**BRIEF:** Reproduce word for word, from the entries below, the line with "4) + sgn_pm", the line with "text \<open>For a", and every line between them, and nothing more.
= = = = = = =
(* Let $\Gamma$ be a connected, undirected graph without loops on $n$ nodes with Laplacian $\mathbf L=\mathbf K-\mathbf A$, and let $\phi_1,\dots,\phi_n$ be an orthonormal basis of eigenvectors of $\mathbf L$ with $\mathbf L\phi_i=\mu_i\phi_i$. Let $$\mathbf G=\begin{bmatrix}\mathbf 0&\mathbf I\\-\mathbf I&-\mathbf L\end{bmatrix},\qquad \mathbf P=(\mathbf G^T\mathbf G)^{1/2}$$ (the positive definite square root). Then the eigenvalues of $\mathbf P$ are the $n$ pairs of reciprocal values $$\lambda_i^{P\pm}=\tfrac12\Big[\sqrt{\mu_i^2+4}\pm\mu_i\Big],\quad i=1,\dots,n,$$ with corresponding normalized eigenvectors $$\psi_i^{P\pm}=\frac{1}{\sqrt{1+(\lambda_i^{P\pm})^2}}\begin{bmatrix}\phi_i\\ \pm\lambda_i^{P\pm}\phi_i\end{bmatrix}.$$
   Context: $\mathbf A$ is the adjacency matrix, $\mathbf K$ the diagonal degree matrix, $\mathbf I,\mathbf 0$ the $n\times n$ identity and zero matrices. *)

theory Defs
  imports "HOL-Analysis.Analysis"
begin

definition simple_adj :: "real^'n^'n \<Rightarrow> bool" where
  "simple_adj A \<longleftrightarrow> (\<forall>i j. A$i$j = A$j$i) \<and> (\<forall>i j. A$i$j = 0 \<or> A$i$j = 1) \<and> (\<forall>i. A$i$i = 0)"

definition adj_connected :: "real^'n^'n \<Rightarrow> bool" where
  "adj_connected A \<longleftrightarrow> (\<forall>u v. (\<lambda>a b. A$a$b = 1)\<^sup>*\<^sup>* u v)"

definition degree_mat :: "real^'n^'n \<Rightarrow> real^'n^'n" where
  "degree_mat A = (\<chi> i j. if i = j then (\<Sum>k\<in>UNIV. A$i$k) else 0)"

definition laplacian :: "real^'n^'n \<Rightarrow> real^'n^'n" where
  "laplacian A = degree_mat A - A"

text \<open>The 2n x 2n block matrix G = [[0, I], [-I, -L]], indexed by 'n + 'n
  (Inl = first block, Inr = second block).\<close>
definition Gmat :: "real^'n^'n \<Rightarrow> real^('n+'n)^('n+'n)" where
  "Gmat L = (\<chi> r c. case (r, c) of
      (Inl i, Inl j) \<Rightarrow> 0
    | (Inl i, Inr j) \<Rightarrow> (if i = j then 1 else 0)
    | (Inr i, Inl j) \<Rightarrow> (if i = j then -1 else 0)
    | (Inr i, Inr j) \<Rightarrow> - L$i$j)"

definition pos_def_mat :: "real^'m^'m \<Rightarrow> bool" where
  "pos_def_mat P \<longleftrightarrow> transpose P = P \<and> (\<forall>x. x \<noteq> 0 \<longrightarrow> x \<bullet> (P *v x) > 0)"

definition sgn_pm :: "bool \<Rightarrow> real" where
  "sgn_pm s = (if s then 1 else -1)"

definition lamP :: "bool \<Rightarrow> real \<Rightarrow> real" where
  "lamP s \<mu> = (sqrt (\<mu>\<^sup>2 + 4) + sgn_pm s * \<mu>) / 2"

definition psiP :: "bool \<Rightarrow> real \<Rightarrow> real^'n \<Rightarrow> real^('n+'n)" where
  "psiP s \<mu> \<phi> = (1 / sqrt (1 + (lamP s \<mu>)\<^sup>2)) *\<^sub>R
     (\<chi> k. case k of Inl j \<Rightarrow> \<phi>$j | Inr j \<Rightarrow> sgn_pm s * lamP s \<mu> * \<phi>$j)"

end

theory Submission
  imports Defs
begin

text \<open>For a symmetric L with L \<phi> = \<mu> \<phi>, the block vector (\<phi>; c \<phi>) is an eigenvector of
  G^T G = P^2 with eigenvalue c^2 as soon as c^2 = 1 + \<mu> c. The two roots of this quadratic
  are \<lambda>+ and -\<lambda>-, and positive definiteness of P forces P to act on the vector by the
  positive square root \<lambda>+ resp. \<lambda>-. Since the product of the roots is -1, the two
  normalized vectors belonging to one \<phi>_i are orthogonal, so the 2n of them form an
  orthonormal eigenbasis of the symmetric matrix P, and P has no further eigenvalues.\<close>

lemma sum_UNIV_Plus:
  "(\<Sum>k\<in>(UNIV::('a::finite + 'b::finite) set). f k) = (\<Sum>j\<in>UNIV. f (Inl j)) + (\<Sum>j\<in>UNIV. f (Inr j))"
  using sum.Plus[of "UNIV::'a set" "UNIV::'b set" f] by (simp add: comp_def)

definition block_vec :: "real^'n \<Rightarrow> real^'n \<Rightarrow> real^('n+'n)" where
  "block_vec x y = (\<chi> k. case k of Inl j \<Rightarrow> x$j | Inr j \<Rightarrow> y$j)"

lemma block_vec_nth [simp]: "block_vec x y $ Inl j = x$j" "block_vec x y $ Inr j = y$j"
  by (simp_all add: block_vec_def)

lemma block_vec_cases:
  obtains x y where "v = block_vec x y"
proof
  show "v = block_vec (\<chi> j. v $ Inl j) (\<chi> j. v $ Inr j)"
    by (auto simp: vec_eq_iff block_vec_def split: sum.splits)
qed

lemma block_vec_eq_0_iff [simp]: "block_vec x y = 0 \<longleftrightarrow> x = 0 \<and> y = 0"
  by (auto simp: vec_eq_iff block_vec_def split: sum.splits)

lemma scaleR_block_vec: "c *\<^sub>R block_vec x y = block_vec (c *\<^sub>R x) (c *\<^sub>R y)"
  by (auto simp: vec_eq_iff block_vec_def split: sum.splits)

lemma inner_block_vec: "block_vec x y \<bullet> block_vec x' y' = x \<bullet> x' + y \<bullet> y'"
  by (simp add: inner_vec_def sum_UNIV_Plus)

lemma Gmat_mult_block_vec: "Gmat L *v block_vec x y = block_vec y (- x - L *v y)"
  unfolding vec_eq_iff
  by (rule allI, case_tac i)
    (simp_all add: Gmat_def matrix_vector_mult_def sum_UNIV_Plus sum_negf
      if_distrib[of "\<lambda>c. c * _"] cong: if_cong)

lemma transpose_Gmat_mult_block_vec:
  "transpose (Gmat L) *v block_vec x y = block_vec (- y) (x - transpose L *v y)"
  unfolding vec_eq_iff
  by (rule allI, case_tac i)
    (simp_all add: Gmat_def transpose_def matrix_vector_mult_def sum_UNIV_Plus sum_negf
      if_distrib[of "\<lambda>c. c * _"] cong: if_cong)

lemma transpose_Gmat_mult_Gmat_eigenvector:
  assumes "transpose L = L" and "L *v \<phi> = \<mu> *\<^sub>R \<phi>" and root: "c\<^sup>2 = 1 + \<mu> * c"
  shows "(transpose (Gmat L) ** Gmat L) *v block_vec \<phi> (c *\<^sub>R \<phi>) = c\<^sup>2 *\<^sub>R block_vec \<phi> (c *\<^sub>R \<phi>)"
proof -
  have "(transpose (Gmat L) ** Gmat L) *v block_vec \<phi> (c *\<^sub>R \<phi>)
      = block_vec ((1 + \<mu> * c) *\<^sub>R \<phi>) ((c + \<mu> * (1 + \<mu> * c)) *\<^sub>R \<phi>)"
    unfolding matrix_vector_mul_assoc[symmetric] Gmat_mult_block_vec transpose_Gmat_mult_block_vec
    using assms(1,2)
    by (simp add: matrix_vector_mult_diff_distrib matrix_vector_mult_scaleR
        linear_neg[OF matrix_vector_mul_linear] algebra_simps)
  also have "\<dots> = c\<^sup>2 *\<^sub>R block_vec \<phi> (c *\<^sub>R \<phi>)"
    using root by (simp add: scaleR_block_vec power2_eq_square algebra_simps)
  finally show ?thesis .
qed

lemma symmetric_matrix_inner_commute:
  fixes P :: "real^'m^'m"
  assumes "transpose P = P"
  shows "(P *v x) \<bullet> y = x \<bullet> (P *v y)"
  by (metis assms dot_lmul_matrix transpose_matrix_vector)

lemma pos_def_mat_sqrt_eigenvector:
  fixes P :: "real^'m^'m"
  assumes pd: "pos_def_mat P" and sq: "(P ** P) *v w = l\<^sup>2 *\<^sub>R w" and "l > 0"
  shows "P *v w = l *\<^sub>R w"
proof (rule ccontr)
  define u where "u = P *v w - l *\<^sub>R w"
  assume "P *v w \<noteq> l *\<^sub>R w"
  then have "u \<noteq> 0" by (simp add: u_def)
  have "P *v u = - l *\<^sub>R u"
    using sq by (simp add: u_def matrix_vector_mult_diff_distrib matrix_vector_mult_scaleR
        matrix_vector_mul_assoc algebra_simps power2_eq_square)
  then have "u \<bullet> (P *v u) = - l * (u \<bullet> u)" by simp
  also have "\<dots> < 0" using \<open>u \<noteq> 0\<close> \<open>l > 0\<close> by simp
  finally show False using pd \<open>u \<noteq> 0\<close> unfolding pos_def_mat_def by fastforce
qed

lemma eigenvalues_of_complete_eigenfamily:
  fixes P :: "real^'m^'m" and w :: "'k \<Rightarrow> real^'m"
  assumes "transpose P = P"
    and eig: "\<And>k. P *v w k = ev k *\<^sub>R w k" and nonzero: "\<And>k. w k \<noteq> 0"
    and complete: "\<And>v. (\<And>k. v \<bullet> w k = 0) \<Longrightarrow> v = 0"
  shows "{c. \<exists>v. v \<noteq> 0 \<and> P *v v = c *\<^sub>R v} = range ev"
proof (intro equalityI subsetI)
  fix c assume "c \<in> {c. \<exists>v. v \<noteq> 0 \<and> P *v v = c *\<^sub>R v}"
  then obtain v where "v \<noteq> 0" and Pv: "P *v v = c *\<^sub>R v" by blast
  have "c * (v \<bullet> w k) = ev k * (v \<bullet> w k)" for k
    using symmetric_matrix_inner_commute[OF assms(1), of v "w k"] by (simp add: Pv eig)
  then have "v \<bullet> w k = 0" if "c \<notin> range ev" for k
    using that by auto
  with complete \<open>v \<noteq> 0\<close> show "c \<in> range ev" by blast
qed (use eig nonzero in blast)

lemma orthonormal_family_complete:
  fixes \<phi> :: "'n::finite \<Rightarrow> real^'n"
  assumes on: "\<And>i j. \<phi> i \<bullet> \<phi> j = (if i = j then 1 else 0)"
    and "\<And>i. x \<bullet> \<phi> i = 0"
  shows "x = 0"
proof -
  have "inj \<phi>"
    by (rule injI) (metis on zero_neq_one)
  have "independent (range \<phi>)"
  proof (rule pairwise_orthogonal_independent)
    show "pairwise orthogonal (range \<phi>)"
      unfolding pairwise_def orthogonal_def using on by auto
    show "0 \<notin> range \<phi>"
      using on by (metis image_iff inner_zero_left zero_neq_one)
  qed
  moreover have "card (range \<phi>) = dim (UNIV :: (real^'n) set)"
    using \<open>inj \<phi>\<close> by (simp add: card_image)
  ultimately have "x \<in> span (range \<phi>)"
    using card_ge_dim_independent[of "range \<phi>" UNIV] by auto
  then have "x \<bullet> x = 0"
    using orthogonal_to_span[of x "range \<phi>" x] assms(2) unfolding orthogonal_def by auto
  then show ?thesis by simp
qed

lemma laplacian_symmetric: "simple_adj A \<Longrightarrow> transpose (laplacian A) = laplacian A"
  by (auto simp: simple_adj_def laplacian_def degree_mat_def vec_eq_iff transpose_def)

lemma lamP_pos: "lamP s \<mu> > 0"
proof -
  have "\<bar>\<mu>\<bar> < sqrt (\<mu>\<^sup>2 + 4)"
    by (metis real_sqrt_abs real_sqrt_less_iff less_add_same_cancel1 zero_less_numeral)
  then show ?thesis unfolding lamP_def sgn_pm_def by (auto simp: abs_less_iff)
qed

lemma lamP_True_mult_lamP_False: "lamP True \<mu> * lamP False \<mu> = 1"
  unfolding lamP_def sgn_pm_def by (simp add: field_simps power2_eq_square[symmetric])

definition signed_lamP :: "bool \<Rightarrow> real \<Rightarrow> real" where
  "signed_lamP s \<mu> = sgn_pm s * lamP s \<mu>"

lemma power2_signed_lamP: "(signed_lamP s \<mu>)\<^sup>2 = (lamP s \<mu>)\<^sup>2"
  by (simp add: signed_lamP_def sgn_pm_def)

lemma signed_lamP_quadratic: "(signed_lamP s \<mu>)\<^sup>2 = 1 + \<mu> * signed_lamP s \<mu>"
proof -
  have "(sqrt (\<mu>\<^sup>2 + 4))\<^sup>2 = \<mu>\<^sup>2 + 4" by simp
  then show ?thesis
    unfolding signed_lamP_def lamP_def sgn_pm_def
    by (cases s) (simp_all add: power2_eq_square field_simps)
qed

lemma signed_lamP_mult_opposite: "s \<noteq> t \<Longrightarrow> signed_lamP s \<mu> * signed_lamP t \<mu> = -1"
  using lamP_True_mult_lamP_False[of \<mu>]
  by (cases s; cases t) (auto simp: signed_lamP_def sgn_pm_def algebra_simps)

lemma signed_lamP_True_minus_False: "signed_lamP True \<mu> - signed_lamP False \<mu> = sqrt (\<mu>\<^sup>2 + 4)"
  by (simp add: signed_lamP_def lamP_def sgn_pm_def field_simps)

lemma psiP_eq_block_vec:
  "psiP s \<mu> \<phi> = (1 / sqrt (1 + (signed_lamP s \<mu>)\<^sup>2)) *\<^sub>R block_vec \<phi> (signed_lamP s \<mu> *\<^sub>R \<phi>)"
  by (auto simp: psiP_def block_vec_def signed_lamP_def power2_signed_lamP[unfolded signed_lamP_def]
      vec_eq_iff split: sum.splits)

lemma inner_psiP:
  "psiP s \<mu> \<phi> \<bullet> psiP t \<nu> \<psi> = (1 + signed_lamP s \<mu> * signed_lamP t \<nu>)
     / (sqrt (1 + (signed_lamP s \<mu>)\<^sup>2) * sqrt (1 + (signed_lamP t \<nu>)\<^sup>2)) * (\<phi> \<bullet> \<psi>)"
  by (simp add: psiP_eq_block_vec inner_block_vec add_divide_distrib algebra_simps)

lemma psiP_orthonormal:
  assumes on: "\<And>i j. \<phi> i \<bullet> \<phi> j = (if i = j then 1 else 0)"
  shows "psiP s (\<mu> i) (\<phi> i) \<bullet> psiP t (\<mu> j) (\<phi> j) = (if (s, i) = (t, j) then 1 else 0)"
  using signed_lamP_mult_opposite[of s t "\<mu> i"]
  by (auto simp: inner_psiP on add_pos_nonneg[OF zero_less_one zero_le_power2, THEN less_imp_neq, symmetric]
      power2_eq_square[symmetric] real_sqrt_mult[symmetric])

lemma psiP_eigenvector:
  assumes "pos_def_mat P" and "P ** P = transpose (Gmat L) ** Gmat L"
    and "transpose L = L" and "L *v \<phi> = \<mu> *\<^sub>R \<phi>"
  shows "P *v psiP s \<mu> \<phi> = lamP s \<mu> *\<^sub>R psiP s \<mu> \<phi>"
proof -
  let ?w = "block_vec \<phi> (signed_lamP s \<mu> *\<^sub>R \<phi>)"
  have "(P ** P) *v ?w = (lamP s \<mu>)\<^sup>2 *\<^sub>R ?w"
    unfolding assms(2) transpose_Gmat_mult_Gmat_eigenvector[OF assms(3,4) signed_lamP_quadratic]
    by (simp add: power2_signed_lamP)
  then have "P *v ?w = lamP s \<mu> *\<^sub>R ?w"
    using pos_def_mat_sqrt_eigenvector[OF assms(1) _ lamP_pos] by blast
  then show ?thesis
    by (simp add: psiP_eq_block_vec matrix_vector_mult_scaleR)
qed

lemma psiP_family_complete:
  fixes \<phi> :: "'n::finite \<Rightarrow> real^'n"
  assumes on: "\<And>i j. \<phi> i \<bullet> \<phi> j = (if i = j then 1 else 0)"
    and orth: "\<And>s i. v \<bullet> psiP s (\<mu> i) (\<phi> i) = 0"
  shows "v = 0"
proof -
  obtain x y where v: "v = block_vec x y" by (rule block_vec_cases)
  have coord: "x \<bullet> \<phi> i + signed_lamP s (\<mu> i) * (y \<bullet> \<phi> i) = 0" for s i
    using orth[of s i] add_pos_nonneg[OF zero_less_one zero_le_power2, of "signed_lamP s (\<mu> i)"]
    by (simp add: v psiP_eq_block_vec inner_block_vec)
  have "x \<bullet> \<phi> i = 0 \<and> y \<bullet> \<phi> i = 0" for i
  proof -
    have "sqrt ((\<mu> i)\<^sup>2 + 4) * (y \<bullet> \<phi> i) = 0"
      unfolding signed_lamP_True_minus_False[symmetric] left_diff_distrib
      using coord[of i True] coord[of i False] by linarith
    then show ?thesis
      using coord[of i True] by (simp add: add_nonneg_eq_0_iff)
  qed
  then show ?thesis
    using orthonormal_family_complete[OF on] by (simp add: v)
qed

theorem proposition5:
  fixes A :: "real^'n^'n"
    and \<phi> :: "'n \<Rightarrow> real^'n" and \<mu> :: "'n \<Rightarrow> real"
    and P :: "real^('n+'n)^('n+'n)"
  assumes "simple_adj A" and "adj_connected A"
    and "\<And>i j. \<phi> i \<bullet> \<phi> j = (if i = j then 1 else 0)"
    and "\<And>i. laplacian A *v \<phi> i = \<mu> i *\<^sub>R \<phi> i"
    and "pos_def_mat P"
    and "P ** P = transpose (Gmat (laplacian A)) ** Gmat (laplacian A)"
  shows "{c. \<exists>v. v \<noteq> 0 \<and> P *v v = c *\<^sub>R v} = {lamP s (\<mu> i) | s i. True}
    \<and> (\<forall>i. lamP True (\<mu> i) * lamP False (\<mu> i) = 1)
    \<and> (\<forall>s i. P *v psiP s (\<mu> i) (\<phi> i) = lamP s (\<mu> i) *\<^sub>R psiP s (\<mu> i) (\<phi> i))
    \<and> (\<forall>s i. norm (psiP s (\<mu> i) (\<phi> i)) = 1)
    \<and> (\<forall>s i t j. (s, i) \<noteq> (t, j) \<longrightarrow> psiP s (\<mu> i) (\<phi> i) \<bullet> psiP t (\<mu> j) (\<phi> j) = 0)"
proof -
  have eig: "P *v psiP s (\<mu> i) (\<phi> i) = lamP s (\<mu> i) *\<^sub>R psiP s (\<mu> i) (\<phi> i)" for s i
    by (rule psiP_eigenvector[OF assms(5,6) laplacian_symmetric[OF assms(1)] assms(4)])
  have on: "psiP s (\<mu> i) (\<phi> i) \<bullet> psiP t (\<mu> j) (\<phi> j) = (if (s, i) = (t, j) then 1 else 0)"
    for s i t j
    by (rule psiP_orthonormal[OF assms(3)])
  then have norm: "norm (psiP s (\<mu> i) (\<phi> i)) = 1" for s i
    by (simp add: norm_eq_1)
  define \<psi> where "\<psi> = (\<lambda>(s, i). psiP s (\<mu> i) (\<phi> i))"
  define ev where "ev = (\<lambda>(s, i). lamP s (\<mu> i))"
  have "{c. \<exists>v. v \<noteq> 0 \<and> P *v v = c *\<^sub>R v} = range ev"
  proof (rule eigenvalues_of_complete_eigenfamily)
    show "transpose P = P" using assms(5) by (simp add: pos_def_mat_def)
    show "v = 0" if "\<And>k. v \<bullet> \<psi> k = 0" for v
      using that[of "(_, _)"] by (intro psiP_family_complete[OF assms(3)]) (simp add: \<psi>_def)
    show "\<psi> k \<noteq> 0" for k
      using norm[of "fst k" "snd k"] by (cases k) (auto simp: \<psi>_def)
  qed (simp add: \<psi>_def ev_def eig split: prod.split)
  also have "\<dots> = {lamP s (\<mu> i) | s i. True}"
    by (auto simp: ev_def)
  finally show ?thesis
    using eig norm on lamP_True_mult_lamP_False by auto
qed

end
= = = = = = =
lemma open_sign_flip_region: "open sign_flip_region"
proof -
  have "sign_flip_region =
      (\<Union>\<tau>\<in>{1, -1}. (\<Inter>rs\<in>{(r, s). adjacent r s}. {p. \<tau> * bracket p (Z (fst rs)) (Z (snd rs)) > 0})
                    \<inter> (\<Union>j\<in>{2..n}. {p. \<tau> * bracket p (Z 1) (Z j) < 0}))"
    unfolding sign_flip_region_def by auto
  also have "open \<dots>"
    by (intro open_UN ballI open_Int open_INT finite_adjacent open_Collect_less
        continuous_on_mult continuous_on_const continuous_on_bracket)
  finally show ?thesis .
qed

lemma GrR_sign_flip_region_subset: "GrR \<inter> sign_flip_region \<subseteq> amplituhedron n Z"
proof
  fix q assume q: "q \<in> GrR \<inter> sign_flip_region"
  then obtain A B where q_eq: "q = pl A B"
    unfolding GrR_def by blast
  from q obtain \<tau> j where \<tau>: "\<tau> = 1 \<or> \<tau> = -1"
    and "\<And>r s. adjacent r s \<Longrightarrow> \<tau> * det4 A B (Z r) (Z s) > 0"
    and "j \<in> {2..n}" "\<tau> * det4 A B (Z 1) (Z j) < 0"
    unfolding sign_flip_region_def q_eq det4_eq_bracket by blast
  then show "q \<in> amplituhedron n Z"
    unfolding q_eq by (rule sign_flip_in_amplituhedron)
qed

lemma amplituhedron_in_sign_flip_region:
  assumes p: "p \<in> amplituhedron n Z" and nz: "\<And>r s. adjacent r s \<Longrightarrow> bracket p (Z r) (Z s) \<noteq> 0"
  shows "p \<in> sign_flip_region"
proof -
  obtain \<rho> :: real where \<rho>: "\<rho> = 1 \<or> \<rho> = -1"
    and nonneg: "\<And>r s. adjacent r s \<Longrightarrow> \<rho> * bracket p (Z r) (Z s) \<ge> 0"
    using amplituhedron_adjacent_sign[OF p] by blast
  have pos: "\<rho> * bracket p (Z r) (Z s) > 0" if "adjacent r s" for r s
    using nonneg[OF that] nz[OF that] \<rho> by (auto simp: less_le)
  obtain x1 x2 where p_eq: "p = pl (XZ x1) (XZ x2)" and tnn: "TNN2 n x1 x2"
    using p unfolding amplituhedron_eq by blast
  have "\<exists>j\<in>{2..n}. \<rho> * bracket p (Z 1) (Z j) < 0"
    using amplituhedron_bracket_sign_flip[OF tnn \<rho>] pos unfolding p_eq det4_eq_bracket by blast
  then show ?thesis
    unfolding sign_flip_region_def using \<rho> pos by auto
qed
= = = = = = =
**COMPLETED EXERCISE:**
  "lamP s \<mu> = (sqrt (\<mu>\<^sup>2 + 4) + sgn_pm s * \<mu>) / 2"

definition psiP :: "bool \<Rightarrow> real \<Rightarrow> real^'n \<Rightarrow> real^('n+'n)" where
  "psiP s \<mu> \<phi> = (1 / sqrt (1 + (lamP s \<mu>)\<^sup>2)) *\<^sub>R
     (\<chi> k. case k of Inl j \<Rightarrow> \<phi>$j | Inr j \<Rightarrow> sgn_pm s * lamP s \<mu> * \<phi>$j)"

end

theory Submission
  imports Defs
begin

text \<open>For a symmetric L with L \<phi> = \<mu> \<phi>, the block vector (\<phi>; c \<phi>) is an eigenvector of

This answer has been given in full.